Using the data beneath this instruction, retype only the lines from the one that contains "unfolding pair_jump_def by" down to the one that contains "cell_corner \<delta> (x i)) j", both included, exactly as they appear.

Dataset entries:
::::::::::

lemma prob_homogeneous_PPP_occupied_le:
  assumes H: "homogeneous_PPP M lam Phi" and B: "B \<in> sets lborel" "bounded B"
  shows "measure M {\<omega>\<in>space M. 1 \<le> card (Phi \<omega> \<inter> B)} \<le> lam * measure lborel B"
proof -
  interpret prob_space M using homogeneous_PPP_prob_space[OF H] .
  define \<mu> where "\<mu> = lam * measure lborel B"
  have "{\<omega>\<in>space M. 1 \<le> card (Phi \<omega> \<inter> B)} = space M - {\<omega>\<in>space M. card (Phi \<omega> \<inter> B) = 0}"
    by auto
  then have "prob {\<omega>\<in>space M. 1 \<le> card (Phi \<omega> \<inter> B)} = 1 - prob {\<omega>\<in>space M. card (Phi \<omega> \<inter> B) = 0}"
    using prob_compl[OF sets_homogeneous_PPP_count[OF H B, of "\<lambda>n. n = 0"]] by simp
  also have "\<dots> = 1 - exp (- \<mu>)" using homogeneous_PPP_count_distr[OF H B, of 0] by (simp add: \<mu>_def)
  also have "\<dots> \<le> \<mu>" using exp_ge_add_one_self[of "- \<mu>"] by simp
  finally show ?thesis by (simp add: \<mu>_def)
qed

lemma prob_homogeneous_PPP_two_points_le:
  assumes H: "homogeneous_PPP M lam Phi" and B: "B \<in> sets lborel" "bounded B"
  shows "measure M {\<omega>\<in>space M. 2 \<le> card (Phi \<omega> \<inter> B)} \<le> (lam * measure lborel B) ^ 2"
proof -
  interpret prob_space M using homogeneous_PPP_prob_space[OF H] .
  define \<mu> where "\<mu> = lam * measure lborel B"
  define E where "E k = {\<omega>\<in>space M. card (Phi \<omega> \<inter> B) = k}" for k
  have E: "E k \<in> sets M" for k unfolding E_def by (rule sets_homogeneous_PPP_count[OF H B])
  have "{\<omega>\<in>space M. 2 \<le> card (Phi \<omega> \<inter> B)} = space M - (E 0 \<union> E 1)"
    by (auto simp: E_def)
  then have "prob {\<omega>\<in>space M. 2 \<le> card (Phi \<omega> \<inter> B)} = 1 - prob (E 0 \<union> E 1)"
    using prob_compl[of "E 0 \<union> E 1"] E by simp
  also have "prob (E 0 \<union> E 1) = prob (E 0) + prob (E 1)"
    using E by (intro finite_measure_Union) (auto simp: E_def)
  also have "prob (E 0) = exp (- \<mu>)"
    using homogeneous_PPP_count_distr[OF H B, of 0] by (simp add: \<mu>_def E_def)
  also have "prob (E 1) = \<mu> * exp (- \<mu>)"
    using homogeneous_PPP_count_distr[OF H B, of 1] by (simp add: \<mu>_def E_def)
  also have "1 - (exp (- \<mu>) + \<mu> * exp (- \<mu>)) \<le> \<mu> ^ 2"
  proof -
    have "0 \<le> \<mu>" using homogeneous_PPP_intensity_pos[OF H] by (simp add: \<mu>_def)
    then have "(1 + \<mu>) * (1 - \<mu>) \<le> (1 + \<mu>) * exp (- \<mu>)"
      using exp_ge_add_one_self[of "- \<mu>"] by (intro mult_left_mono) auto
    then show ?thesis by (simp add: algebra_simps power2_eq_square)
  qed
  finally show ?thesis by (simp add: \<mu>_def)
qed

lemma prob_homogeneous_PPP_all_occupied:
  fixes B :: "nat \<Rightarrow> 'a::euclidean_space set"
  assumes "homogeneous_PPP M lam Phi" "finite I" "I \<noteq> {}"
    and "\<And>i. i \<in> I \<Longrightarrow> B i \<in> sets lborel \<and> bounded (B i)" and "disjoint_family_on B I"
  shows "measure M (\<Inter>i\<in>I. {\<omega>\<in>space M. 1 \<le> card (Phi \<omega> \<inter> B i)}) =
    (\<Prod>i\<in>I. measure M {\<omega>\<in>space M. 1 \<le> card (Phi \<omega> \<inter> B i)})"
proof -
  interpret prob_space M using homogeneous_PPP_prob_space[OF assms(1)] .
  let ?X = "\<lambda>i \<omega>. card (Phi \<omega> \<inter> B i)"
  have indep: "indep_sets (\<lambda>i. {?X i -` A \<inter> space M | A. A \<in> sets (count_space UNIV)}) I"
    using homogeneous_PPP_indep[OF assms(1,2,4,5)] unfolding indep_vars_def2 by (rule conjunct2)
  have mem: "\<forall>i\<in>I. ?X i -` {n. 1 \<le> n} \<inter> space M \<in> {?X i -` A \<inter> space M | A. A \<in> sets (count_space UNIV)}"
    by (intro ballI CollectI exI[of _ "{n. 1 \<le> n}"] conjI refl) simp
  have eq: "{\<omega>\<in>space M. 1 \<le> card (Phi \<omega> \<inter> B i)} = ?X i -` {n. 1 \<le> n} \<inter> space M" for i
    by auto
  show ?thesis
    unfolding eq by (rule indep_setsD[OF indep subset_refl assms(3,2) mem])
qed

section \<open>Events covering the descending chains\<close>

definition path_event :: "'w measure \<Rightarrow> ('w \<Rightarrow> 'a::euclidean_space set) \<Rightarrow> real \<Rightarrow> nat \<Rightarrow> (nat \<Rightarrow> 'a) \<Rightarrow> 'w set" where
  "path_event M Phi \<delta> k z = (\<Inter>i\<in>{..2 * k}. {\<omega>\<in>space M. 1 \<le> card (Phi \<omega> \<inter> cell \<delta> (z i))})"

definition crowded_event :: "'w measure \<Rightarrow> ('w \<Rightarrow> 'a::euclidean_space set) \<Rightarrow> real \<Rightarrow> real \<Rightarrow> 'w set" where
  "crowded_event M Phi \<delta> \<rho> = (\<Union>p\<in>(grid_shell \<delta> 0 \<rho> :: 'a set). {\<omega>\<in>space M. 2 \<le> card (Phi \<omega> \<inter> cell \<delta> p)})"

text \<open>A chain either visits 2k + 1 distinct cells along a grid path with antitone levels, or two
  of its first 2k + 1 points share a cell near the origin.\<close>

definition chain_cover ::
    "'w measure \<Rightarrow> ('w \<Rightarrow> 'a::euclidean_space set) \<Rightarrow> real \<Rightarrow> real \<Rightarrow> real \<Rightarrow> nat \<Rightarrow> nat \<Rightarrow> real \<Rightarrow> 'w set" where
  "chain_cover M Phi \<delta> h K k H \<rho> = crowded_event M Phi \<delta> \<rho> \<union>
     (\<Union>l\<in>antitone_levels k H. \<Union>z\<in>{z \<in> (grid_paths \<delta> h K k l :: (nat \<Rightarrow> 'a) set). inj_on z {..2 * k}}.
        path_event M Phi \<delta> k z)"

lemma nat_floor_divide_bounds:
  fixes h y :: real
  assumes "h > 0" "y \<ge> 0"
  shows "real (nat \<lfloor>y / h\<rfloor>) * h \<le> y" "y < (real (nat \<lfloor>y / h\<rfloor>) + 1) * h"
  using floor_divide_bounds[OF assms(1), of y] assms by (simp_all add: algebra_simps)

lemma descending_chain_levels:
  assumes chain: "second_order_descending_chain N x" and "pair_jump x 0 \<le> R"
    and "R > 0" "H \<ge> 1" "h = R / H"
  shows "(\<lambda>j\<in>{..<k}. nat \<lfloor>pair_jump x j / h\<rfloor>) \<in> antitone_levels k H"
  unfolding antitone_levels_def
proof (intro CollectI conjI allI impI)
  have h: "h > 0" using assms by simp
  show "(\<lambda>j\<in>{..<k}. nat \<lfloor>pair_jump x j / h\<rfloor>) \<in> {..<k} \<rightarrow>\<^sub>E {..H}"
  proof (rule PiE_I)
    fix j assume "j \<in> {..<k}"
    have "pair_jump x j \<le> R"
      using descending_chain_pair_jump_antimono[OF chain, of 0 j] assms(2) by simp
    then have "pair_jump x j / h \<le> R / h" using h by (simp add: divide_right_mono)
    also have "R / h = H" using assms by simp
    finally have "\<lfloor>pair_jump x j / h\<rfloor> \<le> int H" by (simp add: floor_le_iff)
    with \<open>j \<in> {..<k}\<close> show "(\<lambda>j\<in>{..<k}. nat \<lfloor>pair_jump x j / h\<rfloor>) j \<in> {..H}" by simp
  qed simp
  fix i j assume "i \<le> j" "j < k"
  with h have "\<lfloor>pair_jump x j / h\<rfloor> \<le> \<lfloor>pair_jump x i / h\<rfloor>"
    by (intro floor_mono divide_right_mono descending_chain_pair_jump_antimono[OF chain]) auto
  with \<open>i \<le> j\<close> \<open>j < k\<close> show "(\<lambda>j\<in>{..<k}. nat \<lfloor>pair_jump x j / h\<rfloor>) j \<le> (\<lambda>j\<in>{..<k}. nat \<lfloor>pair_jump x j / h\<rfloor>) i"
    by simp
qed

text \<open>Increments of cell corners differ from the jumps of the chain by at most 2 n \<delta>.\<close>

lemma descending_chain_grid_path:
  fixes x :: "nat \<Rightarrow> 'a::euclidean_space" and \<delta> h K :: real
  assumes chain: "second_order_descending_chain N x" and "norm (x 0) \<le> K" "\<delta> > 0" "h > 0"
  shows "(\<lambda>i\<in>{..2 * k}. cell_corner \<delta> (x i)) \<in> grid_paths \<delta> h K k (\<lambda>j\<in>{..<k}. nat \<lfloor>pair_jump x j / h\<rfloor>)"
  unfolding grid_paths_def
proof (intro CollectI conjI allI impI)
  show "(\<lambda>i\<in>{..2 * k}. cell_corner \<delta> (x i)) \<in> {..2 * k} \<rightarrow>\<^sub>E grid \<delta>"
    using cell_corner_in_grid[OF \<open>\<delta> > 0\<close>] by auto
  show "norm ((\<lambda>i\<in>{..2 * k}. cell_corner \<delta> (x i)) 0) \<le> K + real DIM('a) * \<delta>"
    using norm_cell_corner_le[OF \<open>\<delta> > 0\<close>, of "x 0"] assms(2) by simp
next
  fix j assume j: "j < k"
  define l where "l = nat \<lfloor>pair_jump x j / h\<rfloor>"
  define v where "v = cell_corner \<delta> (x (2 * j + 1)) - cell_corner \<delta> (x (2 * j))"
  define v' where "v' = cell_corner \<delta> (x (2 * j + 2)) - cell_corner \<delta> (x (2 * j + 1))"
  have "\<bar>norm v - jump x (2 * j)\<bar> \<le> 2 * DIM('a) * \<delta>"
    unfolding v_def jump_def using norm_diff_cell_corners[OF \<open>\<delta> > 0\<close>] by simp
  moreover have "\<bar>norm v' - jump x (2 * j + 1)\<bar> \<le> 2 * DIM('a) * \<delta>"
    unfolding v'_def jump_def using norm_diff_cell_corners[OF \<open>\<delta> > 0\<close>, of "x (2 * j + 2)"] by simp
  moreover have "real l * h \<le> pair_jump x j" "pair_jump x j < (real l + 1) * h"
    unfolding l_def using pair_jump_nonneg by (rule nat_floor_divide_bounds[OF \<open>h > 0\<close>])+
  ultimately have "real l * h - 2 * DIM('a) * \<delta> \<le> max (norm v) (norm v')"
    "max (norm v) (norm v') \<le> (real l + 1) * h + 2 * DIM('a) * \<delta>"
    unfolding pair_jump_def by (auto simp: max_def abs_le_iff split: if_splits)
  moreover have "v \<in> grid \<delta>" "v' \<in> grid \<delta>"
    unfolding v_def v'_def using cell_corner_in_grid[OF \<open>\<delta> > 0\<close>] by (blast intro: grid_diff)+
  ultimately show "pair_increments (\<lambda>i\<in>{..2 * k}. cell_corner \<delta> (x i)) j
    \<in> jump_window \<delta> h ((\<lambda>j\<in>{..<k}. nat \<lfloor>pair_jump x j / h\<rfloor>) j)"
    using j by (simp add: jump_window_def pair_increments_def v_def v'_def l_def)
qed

::::::::::

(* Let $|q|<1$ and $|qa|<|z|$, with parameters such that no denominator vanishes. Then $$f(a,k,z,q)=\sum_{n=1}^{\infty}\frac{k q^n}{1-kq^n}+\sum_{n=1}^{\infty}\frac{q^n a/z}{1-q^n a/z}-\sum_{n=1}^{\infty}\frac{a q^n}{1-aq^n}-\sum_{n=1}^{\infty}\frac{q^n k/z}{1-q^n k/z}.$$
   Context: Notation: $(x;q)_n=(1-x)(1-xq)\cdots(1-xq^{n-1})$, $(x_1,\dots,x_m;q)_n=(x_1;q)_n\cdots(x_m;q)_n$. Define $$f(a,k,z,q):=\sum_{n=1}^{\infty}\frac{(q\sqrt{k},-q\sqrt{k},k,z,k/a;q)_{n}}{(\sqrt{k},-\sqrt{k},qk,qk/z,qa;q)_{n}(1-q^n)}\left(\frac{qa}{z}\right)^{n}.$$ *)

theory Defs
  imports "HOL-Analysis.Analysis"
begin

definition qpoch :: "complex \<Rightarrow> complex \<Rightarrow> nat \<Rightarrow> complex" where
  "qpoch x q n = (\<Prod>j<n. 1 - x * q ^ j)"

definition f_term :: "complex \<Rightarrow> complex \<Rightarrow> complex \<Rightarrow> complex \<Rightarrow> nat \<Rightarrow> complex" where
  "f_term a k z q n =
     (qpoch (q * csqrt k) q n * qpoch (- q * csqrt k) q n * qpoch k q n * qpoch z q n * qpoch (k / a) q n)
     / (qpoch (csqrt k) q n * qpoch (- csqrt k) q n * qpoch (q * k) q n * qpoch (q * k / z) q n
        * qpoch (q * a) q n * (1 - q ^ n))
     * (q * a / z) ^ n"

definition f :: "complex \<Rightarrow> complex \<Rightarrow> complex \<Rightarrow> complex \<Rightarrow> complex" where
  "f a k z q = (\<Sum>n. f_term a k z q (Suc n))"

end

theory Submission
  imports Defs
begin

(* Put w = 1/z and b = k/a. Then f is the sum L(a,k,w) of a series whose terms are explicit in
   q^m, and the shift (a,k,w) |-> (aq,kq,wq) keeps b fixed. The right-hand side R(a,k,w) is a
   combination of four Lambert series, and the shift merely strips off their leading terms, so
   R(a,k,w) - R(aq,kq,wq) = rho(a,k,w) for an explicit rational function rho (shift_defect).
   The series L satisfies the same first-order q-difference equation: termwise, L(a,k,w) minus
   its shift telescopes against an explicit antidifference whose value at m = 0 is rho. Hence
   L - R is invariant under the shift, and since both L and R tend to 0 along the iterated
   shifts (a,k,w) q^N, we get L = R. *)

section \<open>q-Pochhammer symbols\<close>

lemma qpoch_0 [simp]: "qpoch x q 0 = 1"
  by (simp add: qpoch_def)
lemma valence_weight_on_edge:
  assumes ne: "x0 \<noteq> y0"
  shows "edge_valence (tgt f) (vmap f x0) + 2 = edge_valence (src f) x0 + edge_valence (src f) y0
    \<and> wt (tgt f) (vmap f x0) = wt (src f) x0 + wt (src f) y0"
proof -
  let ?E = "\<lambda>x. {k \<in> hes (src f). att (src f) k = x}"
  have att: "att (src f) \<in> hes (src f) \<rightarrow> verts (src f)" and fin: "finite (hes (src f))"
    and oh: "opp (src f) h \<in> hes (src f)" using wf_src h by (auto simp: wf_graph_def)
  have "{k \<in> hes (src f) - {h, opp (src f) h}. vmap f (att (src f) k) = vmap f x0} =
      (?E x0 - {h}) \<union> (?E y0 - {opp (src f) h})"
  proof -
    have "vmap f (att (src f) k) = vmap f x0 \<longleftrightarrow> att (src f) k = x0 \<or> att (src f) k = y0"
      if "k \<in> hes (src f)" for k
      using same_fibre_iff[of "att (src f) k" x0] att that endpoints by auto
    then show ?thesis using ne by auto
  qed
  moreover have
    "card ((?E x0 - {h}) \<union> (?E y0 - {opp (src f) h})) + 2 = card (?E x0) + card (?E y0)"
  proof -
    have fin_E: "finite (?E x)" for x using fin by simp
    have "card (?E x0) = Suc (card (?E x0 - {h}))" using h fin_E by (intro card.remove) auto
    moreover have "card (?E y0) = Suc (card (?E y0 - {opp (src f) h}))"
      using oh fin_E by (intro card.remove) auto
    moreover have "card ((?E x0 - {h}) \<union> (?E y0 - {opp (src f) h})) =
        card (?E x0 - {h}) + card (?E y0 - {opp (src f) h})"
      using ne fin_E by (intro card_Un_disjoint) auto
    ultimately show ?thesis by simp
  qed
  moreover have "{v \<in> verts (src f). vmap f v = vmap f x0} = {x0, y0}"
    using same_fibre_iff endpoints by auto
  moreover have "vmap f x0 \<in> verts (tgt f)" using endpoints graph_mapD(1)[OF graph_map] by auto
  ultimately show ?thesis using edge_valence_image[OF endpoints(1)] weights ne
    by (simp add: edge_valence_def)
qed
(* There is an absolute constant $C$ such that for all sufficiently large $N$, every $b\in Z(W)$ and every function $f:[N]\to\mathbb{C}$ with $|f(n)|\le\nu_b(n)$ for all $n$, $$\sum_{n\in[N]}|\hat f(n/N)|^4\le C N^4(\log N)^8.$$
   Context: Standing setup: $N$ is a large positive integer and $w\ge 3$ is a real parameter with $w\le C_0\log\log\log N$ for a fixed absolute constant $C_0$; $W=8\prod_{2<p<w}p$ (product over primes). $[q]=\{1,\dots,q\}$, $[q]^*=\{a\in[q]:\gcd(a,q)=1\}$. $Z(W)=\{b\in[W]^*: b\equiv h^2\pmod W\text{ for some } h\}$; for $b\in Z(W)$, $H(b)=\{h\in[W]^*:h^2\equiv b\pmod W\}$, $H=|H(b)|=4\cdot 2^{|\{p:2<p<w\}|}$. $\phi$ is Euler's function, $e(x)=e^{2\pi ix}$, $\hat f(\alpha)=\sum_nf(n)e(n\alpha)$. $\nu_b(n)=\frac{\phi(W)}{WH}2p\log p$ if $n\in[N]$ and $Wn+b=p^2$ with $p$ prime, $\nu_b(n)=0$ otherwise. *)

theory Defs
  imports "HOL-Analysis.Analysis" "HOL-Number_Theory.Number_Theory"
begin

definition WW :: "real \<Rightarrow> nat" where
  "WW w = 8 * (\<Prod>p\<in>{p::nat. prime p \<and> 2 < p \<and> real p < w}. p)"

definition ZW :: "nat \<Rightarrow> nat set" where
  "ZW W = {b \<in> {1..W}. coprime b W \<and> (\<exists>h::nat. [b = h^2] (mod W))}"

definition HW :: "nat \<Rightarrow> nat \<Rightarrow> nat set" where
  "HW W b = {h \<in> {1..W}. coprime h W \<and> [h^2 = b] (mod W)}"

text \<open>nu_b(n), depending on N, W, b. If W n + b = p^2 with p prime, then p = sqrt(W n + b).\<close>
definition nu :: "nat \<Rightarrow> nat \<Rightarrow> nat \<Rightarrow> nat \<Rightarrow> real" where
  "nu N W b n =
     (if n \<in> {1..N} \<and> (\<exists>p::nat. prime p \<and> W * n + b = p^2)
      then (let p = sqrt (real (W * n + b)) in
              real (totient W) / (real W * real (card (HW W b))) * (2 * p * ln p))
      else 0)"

::::::::::

## Your response
    unfolding pair_jump_def by (auto simp: max_def abs_le_iff split: if_splits)
  moreover have "v \<in> grid \<delta>" "v' \<in> grid \<delta>"
    unfolding v_def v'_def using cell_corner_in_grid[OF \<open>\<delta> > 0\<close>] by (blast intro: grid_diff)+
  ultimately show "pair_increments (\<lambda>i\<in>{..2 * k}. cell_corner \<delta> (x i)) j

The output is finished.